Stored items

text \<open>A cycle: a closed walk v0 e1 v1 ... ek vk = v0 (k \<ge> 1) with distinct edges
and distinct vertices v0..v(k-1) (loops and pairs of parallel edges are cycles).\<close>
definition has_cycle :: "('e \<Rightarrow> 'v set) \<Rightarrow> 'e set \<Rightarrow> bool" where
  "has_cycle ends F \<longleftrightarrow> (\<exists>vs es. length es \<ge> 1 \<and> length vs = length es + 1 \<and>
      distinct es \<and> set es \<subseteq> F \<and> hd vs = last vs \<and> distinct (tl vs) \<and>
      (\<forall>i<length es. ends (es ! i) = {vs ! i, vs ! Suc i}))"

definition spanning_trees :: "'v set \<Rightarrow> 'e set \<Rightarrow> ('e \<Rightarrow> 'v set) \<Rightarrow> 'e set set" where
  "spanning_trees V E ends =
     {T. T \<subseteq> E \<and> \<not> has_cycle ends T \<and> connected_on V ends T}"

definition spanning_2forests :: "'v set \<Rightarrow> 'e set \<Rightarrow> ('e \<Rightarrow> 'v set) \<Rightarrow> 'e set set" where
  "spanning_2forests V E ends =
     {F. F \<subseteq> E \<and> \<not> has_cycle ends F \<and> card (components V ends F) = 2}"

text \<open>Vertices of the exchange graph: Inl (F,T) \<in> V1, Inr (T,F) \<in> V2.\<close>
definition exch_verts :: "'v set \<Rightarrow> 'e set \<Rightarrow> ('e \<Rightarrow> 'v set) \<Rightarrow>
    (('e set \<times> 'e set) + ('e set \<times> 'e set)) set" where
  "exch_verts V E ends =
     {Inl (F, T) | F T. F \<in> spanning_2forests V E ends \<and> T \<in> spanning_trees V E ends \<and> F \<inter> T = {}}
   \<union> {Inr (T, F) | T F. T \<in> spanning_trees V E ends \<and> F \<in> spanning_2forests V E ends \<and> F \<inter> T = {}}"

definition exch_edge1 :: "'e set \<times> 'e set \<Rightarrow> 'e set \<times> 'e set \<Rightarrow> bool" where
  "exch_edge1 FT TF' \<longleftrightarrow> (\<exists>e\<in>snd FT. snd TF' = snd FT - {e} \<and> fst TF' = fst FT \<union> {e})"

definition exch_adj :: "'v set \<Rightarrow> 'e set \<Rightarrow> ('e \<Rightarrow> 'v set) \<Rightarrow>
    ((('e set \<times> 'e set) + ('e set \<times> 'e set)) \<times> (('e set \<times> 'e set) + ('e set \<times> 'e set))) set" where
  "exch_adj V E ends =
     {(Inl p, Inr q) | p q. Inl p \<in> exch_verts V E ends \<and> Inr q \<in> exch_verts V E ends \<and> exch_edge1 p q}
   \<union> {(Inr q, Inl p) | p q. Inl p \<in> exch_verts V E ends \<and> Inr q \<in> exch_verts V E ends \<and> exch_edge1 p q}"

definition exch_component :: "'v set \<Rightarrow> 'e set \<Rightarrow> ('e \<Rightarrow> 'v set) \<Rightarrow>
    (('e set \<times> 'e set) + ('e set \<times> 'e set)) set \<Rightarrow> bool" where
  "exch_component V E ends H0 \<longleftrightarrow> (\<exists>p\<in>exch_verts V E ends.
      H0 = {q \<in> exch_verts V E ends. (p, q) \<in> (exch_adj V E ends)\<^sup>*})"

definition pair_edges :: "('e set \<times> 'e set) + ('e set \<times> 'e set) \<Rightarrow> 'e set" where
  "pair_edges x = (case x of Inl (A, B) \<Rightarrow> A \<union> B | Inr (A, B) \<Rightarrow> A \<union> B)"

definition induced_edges :: "('e \<Rightarrow> 'v set) \<Rightarrow> 'e set \<Rightarrow> 'v set \<Rightarrow> 'e set" where
  "induced_edges ends E0 X = {e\<in>E0. ends e \<subseteq> X}"

definition saturated :: "'v set \<Rightarrow> ('e \<Rightarrow> 'v set) \<Rightarrow> 'e set \<Rightarrow> 'v set \<Rightarrow> bool" where
  "saturated V ends E0 X \<longleftrightarrow> X \<subseteq> V \<and>
     int (card (induced_edges ends E0 X)) = 2 * int (card X) - 2"

definition saturated_component :: "'v set \<Rightarrow> ('e \<Rightarrow> 'v set) \<Rightarrow> 'e set \<Rightarrow> 'v set \<Rightarrow> bool" where
  "saturated_component V ends E0 X \<longleftrightarrow> saturated V ends E0 X \<and>
     (\<forall>Y. saturated V ends E0 Y \<and> X \<subseteq> Y \<longrightarrow> Y = X)"

end

theory Submission imports Defs begin

text \<open>An acyclic edge set induces at most |Y| - 1 edges on a nonempty vertex set Y, so the
union E0 of the forest and the tree of an exchange-graph vertex induces at most 2|Y| - 2
edges on Y. Counting edges is supermodular: the edges induced on X \<union> X' include those
induced on X or on X', which overlap exactly in those induced on X \<inter> X'. Hence if X and X'
are saturated and X \<inter> X' is nonempty, the bound on X \<inter> X' forces X \<union> X' to be saturated,
and maximality gives X = X \<union> X' = X'.\<close>

lemma adj_rtrancl_mono: "F \<subseteq> F' \<Longrightarrow> (adj ends F)\<^sup>* \<subseteq> (adj ends F')\<^sup>*"
  by (rule rtrancl_mono) (auto simp: adj_def)

lemma has_cycle_mono: "has_cycle ends F \<Longrightarrow> F \<subseteq> F' \<Longrightarrow> has_cycle ends F'"
  unfolding has_cycle_def by (meson order_trans)

definition walk :: "('e \<Rightarrow> 'v set) \<Rightarrow> 'e set \<Rightarrow> 'v list \<Rightarrow> 'e list \<Rightarrow> bool" where
  "walk ends F vs es \<longleftrightarrow> length vs = length es + 1 \<and> set es \<subseteq> F \<and>
     (\<forall>i<length es. ends (es ! i) = {vs ! i, vs ! Suc i})"

lemma walk_snoc:
  assumes "walk ends F vs es" "f \<in> F" "ends f = {last vs, z}"
  shows "walk ends F (vs @ [z]) (es @ [f])"
proof -
  have len: "length vs = Suc (length es)" using assms(1) unfolding walk_def by simp
  then have "vs ! length es = last vs" by (metis last_conv_nth list.size(3) nat.distinct(1) diff_Suc_1)
  then show ?thesis
    using assms len unfolding walk_def by (auto simp: nth_append less_Suc_eq)
qed

lemma walk_take:
  assumes "walk ends F vs es"
  shows "walk ends F (take (Suc k) vs) (take k es)"
  using assms unfolding walk_def by (auto dest: in_set_takeD)

lemma adj_rtrancl_obtain_path:
  assumes "(a, b) \<in> (adj ends F)\<^sup>*"
  obtains vs es where "walk ends F vs es" "hd vs = a" "last vs = b" "distinct vs"
  using assms
proof (induction arbitrary: thesis rule: rtrancl_induct)
  case base
  show ?case by (rule base[of "[a]" "[]"]) (simp_all add: walk_def)
next
  case (step y z)
  obtain vs es where P: "walk ends F vs es" "hd vs = a" "last vs = y" "distinct vs"
    using step.IH by blast
  obtain f where f: "f \<in> F" "ends f = {y, z}" using step.hyps(2) unfolding adj_def by blast
  have "vs \<noteq> []" using P(1) unfolding walk_def by auto
  show ?case
  proof (cases "z \<in> set vs")
    case True
    then obtain k where k: "k < length vs" "vs ! k = z" by (metis in_set_conv_nth)
    have "last (take (Suc k) vs) = z" using k by (simp add: take_Suc_conv_app_nth)
    then show ?thesis
      using step.prems[OF walk_take[OF P(1)]] P(2,4) \<open>vs \<noteq> []\<close> by simp
  next
    case False
    show ?thesis
      using step.prems[OF walk_snoc[OF P(1) f(1)]] f(2) P(2-4) False \<open>vs \<noteq> []\<close> by simp
  qed
qed

lemma walk_distinct_edges:
  assumes "walk ends F vs es" "distinct vs"
  shows "distinct es"
proof (subst distinct_conv_nth, intro allI impI)
  fix i j assume ij: "i < length es" "j < length es" "i \<noteq> j"
  show "es ! i \<noteq> es ! j"
  proof
    assume "es ! i = es ! j"
    then have "{vs ! i, vs ! Suc i} = {vs ! j, vs ! Suc j}"
      using assms(1) ij unfolding walk_def by metis
    then have "vs ! i = vs ! j \<or> vs ! i = vs ! Suc j"
      by (auto simp: doubleton_eq_iff)
    moreover have "vs ! Suc i = vs ! j \<or> vs ! Suc i = vs ! Suc j"
      using \<open>{vs ! i, vs ! Suc i} = _\<close> by (auto simp: doubleton_eq_iff)
    ultimately show False
      using ij assms unfolding walk_def by (auto simp: nth_eq_iff_index_eq)
  qed
qed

> [Problem description]: Among the entries above, find the line with "T F. T \<in>" and the line with "FT TF' \<longleftrightarrow>"; give again exactly these two lines and all lines between them.

> [Exercise result]:
   \<union> {Inr (T, F) | T F. T \<in> spanning_trees V E ends \<and> F \<in> spanning_2forests V E ends \<and> F \<inter> T = {}}"

definition exch_edge1 :: "'e set \<times> 'e set \<Rightarrow> 'e set \<times> 'e set \<Rightarrow> bool" where
  "exch_edge1 FT TF' \<longleftrightarrow> (\<exists>e\<in>snd FT. snd TF' = snd FT - {e} \<and> fst TF' = fst FT \<union> {e})"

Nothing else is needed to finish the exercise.